Can you restate the lines of the entries below, word for word, from the first one through the line that includes "text \<open>Stacking d1"?
[Material provided — start]
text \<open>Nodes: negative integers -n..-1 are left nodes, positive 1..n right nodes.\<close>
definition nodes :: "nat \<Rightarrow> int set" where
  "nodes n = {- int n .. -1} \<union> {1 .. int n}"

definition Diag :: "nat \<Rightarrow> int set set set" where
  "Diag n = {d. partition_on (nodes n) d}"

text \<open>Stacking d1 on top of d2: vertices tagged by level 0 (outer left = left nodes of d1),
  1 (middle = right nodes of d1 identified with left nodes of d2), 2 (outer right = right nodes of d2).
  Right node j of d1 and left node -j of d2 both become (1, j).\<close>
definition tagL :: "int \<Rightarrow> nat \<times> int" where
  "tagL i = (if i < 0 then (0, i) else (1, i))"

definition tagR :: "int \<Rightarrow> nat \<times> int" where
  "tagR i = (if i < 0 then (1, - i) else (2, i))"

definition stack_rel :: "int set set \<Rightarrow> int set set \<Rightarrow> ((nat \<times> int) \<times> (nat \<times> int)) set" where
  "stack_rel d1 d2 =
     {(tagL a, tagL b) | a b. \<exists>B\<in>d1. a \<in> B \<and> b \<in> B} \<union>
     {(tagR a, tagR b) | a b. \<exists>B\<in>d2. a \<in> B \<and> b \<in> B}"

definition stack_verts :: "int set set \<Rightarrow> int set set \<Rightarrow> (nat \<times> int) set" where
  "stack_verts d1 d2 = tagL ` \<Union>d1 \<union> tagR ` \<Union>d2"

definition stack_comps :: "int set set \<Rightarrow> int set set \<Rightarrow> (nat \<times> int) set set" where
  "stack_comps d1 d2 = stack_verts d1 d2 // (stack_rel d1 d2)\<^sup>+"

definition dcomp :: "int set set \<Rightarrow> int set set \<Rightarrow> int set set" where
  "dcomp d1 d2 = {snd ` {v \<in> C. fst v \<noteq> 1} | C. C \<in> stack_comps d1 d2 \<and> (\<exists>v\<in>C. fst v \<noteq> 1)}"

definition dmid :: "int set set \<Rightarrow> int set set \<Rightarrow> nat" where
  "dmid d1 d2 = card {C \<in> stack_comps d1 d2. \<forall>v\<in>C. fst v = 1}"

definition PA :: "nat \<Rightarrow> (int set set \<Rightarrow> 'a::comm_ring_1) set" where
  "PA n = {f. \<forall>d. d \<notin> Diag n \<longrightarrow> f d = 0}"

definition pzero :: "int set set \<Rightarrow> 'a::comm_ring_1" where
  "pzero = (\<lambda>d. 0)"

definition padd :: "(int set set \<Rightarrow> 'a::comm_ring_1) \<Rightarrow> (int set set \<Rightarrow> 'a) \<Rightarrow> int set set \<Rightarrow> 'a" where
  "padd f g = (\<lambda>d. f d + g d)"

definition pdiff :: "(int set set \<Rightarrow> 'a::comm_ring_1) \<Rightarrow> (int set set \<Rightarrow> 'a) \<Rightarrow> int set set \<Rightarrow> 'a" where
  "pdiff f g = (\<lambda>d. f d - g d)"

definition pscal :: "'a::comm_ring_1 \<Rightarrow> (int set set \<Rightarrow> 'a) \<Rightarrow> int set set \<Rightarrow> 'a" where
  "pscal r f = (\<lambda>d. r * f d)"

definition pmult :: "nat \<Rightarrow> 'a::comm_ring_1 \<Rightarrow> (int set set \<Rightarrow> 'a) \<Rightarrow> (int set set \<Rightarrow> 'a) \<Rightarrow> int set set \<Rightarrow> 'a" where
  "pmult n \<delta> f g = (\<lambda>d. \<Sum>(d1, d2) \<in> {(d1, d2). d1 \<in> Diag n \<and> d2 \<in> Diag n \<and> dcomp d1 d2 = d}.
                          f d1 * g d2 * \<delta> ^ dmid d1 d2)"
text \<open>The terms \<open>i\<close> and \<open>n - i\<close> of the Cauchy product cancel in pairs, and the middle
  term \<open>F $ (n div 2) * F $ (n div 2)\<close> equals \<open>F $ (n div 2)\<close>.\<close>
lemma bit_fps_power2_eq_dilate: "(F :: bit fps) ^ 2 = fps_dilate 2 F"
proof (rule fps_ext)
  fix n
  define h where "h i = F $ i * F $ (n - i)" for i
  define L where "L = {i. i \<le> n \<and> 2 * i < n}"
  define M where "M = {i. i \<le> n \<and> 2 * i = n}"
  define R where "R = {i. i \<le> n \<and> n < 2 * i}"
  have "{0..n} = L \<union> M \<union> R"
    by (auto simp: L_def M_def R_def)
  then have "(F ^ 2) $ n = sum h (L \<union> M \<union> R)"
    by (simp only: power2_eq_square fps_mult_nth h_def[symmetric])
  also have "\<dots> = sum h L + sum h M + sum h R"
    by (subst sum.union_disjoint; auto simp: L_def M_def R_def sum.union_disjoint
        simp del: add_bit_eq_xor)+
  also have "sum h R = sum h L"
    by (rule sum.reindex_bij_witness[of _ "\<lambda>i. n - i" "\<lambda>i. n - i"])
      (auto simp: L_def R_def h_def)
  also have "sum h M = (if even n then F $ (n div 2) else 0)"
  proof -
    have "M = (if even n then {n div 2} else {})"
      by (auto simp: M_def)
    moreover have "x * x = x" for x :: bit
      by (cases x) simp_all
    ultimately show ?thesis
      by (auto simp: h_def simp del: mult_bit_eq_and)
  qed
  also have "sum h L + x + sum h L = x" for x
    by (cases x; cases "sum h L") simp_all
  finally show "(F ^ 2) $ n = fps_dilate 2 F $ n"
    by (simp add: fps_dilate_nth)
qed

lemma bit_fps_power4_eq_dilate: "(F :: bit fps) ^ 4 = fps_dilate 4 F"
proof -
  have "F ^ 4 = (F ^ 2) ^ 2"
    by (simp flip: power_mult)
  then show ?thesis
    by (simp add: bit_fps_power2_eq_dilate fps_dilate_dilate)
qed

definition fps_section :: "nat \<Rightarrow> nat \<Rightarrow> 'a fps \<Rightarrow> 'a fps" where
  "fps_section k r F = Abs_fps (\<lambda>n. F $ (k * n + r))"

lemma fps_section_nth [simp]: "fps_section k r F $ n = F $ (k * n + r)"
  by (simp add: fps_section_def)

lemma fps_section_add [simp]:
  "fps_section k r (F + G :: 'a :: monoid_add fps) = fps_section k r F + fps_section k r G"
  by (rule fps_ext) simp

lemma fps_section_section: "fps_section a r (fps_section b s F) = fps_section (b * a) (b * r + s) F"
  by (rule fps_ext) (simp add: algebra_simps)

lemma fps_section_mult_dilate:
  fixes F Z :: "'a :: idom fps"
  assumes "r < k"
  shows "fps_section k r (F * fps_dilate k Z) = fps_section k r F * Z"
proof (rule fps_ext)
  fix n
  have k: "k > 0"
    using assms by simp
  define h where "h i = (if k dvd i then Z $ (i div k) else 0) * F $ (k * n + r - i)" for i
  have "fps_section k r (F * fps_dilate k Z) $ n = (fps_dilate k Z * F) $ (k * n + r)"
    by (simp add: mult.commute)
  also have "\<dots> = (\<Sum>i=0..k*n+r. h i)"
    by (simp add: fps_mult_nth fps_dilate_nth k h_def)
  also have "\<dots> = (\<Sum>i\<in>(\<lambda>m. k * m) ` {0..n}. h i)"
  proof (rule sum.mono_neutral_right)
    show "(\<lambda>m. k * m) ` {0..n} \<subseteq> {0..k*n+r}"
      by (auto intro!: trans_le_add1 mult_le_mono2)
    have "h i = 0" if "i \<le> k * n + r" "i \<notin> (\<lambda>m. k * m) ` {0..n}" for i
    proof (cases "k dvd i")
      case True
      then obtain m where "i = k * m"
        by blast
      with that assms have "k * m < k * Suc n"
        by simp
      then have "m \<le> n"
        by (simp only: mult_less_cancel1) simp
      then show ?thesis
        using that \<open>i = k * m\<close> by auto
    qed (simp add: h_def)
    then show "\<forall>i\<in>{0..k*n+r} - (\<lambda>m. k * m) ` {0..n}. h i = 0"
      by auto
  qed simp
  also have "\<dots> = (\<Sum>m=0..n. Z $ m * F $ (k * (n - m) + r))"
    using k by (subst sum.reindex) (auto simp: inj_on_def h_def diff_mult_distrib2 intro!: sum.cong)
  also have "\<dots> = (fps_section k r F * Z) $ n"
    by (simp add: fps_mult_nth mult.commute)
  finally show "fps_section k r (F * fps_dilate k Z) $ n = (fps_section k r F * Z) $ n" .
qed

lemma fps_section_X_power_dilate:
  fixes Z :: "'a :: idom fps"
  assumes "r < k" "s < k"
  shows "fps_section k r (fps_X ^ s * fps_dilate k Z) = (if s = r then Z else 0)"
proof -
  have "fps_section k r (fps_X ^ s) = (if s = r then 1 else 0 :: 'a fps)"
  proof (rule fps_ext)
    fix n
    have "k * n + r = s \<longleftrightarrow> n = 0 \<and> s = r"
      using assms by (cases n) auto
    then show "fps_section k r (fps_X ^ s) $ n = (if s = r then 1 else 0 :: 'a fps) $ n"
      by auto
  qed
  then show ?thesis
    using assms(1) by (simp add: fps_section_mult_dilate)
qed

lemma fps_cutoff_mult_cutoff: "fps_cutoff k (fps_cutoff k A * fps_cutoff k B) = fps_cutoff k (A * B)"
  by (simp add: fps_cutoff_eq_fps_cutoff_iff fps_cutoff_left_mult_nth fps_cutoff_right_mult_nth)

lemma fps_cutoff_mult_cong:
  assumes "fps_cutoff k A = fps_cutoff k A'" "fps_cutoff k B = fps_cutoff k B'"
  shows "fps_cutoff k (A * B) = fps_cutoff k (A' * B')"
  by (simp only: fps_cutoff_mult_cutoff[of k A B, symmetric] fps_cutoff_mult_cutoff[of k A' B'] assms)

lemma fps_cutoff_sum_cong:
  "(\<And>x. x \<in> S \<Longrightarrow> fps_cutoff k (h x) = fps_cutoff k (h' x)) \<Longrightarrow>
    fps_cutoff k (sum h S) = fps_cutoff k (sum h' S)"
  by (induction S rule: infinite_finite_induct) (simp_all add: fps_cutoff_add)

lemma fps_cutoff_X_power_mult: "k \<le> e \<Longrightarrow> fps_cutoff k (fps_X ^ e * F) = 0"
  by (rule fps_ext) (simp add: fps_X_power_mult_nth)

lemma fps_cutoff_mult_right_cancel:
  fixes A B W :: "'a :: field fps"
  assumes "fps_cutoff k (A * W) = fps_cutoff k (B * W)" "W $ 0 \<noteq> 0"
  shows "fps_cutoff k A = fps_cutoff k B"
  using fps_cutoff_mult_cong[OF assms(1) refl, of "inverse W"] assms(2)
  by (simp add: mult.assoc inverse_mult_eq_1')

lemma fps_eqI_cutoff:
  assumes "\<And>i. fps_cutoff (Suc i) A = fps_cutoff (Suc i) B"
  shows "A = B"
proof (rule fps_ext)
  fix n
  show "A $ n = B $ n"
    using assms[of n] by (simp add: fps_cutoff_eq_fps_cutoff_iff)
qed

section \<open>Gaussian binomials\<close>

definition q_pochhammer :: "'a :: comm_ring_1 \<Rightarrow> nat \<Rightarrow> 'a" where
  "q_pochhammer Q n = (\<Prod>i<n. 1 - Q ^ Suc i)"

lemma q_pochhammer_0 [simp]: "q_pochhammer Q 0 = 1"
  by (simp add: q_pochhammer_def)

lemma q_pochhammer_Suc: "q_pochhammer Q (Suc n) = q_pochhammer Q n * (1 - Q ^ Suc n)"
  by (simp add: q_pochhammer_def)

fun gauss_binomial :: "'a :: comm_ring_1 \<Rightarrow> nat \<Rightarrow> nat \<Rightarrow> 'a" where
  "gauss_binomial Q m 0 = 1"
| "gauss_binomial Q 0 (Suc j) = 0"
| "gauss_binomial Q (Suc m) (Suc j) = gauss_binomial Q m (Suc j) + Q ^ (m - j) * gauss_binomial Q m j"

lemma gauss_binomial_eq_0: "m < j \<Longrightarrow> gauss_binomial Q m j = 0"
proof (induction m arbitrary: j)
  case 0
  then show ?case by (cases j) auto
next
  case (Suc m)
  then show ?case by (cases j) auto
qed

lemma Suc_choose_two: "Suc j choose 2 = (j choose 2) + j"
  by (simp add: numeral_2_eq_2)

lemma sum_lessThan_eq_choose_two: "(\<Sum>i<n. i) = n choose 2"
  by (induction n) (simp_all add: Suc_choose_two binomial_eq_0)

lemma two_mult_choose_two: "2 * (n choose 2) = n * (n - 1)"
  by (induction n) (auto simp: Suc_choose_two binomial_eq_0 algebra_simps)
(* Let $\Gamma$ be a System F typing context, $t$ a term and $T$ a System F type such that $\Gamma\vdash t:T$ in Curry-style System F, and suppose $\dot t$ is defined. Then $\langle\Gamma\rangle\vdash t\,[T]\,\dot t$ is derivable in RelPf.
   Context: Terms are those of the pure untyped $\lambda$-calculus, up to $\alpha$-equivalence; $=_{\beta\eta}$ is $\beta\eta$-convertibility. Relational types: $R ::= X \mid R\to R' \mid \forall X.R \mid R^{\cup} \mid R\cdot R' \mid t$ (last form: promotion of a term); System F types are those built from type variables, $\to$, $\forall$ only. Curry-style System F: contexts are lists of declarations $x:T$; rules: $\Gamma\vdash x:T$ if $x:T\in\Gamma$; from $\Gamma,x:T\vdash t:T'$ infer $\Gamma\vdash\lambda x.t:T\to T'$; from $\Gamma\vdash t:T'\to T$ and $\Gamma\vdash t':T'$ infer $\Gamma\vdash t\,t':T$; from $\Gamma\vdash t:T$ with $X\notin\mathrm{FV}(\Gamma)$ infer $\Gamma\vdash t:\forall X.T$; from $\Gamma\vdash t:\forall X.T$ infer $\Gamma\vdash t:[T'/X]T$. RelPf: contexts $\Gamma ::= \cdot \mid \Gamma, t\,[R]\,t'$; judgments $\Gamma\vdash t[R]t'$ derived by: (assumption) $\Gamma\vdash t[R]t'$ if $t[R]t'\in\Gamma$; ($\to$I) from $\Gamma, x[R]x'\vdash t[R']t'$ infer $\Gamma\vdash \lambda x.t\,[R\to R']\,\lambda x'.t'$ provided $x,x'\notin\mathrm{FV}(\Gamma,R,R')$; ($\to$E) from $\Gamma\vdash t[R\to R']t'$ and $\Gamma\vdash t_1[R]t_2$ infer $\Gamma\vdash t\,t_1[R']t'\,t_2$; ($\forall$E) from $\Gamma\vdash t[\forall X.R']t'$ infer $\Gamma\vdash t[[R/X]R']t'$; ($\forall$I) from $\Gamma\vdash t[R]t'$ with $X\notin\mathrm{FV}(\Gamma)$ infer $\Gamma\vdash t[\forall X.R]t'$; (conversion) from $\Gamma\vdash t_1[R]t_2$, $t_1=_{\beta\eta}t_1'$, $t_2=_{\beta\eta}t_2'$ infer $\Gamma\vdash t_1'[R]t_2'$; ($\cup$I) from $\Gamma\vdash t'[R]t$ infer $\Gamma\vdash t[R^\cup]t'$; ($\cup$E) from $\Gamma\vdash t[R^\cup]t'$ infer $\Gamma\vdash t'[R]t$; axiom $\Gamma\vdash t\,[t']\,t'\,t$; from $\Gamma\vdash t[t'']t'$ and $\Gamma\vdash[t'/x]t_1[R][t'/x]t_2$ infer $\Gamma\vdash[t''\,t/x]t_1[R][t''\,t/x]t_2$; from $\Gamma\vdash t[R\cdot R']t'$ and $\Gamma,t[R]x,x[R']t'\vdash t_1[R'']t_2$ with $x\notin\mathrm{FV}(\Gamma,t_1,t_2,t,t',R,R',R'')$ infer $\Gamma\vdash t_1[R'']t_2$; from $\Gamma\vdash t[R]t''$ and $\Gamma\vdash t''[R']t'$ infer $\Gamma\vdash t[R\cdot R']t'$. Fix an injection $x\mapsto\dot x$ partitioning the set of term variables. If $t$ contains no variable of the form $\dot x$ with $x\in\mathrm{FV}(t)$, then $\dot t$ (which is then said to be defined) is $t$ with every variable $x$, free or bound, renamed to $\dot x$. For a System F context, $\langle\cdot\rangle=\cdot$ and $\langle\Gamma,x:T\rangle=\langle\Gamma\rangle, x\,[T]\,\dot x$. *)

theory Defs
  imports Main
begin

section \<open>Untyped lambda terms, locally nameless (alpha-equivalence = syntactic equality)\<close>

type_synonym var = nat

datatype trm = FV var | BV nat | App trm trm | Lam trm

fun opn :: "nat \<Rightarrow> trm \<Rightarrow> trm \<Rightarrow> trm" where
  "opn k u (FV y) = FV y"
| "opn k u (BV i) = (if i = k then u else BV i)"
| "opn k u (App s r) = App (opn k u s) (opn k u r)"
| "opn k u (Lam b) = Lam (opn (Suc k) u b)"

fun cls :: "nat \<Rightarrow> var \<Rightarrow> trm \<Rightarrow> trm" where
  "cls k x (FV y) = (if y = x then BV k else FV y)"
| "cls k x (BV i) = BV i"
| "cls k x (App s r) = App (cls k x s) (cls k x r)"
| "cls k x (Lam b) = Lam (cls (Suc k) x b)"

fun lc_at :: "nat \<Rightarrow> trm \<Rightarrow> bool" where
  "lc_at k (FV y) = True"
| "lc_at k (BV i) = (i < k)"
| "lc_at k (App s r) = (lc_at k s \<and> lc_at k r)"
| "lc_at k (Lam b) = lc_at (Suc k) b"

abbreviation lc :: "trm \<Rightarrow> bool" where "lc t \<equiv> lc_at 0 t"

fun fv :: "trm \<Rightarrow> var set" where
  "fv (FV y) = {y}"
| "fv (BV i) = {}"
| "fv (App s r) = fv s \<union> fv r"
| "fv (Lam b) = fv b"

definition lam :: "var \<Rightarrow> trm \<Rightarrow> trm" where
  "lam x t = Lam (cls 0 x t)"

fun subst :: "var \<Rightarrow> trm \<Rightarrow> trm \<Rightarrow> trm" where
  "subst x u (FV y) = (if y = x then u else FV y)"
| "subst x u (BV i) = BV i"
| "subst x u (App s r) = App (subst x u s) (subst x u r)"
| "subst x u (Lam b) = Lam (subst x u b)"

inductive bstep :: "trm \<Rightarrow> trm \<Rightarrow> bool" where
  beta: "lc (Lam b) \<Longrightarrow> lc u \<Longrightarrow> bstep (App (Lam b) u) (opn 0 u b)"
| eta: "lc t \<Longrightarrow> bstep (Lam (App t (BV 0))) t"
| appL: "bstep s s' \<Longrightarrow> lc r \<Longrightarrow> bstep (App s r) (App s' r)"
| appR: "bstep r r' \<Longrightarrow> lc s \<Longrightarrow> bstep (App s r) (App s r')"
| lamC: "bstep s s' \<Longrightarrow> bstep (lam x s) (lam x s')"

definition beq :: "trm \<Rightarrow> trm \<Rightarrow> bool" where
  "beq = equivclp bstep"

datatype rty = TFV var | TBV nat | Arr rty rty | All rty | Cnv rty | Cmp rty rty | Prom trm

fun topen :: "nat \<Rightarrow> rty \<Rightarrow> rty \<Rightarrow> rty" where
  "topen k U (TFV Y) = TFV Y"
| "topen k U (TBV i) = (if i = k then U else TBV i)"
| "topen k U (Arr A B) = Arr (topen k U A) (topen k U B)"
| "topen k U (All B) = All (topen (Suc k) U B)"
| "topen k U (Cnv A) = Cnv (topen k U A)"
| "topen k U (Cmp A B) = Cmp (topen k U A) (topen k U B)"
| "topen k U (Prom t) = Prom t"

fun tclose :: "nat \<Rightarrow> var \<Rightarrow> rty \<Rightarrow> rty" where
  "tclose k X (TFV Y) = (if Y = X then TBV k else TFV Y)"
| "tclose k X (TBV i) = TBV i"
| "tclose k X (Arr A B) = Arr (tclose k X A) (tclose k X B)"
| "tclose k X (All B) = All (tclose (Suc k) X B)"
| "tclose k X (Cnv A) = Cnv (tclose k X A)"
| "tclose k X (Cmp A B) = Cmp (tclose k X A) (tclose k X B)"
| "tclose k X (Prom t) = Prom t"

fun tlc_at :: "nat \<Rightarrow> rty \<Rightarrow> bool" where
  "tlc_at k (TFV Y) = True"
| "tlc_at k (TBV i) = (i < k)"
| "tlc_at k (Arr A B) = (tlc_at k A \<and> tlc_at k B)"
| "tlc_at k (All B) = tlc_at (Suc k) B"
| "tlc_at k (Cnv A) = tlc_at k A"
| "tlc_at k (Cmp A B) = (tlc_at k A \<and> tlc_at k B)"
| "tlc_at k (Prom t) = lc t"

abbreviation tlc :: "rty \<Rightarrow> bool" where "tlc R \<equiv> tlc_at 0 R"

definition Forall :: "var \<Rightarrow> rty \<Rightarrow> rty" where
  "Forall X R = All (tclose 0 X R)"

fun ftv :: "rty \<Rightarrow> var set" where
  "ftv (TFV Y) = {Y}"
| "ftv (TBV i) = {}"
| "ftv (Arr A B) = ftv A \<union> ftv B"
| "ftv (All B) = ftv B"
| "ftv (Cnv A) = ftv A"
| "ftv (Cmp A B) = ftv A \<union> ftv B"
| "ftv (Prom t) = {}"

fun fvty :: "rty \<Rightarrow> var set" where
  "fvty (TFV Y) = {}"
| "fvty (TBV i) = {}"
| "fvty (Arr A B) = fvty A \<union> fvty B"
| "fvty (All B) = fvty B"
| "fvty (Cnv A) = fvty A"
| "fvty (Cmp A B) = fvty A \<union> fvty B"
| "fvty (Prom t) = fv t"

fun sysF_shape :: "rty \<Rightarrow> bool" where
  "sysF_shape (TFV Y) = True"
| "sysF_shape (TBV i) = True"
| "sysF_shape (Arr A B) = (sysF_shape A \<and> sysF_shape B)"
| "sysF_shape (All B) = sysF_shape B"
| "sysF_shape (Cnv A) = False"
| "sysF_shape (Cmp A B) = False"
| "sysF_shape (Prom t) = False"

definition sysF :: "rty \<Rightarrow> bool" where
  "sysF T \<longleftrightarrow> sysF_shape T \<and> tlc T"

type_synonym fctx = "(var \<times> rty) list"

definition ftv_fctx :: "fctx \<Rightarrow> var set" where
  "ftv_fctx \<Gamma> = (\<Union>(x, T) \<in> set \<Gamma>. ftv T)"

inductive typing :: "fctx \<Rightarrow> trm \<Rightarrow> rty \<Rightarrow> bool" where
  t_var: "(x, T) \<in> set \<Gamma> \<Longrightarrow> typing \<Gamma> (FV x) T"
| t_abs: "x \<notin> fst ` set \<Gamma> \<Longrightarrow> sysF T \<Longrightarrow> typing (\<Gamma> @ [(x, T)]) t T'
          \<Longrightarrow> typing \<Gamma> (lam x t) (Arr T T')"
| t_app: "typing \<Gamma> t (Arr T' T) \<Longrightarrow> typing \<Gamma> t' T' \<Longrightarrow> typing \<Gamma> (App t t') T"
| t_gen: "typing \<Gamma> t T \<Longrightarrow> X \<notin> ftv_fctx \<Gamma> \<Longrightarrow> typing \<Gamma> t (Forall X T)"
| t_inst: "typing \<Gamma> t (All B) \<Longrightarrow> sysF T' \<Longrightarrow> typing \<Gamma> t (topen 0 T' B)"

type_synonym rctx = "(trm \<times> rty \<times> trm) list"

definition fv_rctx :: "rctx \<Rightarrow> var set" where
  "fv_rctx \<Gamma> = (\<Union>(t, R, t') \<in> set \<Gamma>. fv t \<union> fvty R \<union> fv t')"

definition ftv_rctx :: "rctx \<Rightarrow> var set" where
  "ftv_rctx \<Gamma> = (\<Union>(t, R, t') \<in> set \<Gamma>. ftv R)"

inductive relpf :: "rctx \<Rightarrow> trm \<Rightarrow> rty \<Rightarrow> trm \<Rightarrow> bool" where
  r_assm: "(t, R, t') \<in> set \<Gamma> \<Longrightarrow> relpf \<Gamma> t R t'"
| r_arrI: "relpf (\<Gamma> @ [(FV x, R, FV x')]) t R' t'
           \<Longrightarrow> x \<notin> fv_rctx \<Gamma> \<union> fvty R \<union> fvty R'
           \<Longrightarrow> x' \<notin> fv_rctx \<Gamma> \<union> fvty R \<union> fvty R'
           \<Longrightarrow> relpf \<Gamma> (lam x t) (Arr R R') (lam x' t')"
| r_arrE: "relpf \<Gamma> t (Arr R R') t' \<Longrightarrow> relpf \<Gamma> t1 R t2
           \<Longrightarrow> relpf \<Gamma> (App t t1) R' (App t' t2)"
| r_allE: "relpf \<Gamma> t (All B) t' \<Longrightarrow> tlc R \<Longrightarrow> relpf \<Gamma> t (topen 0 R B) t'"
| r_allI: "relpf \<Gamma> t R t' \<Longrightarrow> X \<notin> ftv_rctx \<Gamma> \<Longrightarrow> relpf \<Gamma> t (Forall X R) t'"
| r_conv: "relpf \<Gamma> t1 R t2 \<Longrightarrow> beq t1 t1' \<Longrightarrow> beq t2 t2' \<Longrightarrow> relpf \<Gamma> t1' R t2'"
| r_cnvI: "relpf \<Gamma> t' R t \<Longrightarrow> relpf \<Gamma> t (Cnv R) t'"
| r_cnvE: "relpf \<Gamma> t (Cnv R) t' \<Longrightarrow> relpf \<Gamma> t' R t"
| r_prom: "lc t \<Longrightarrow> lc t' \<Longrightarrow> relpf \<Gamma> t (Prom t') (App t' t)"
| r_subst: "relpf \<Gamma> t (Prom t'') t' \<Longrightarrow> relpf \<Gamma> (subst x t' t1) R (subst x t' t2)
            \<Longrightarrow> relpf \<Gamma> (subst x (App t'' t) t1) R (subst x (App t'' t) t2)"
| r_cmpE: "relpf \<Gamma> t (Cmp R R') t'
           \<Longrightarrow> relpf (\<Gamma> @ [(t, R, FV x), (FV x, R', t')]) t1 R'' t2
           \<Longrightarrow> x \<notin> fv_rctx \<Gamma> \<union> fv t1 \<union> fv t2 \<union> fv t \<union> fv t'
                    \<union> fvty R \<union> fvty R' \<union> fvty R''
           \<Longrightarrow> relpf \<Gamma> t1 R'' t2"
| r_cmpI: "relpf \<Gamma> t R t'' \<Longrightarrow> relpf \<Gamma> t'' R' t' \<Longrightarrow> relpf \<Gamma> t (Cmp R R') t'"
[Material provided — finish]
_Task response_
text \<open>Nodes: negative integers -n..-1 are left nodes, positive 1..n right nodes.\<close>
definition nodes :: "nat \<Rightarrow> int set" where
  "nodes n = {- int n .. -1} \<union> {1 .. int n}"

definition Diag :: "nat \<Rightarrow> int set set set" where
  "Diag n = {d. partition_on (nodes n) d}"

text \<open>Stacking d1 on top of d2: vertices tagged by level 0 (outer left = left nodes of d1),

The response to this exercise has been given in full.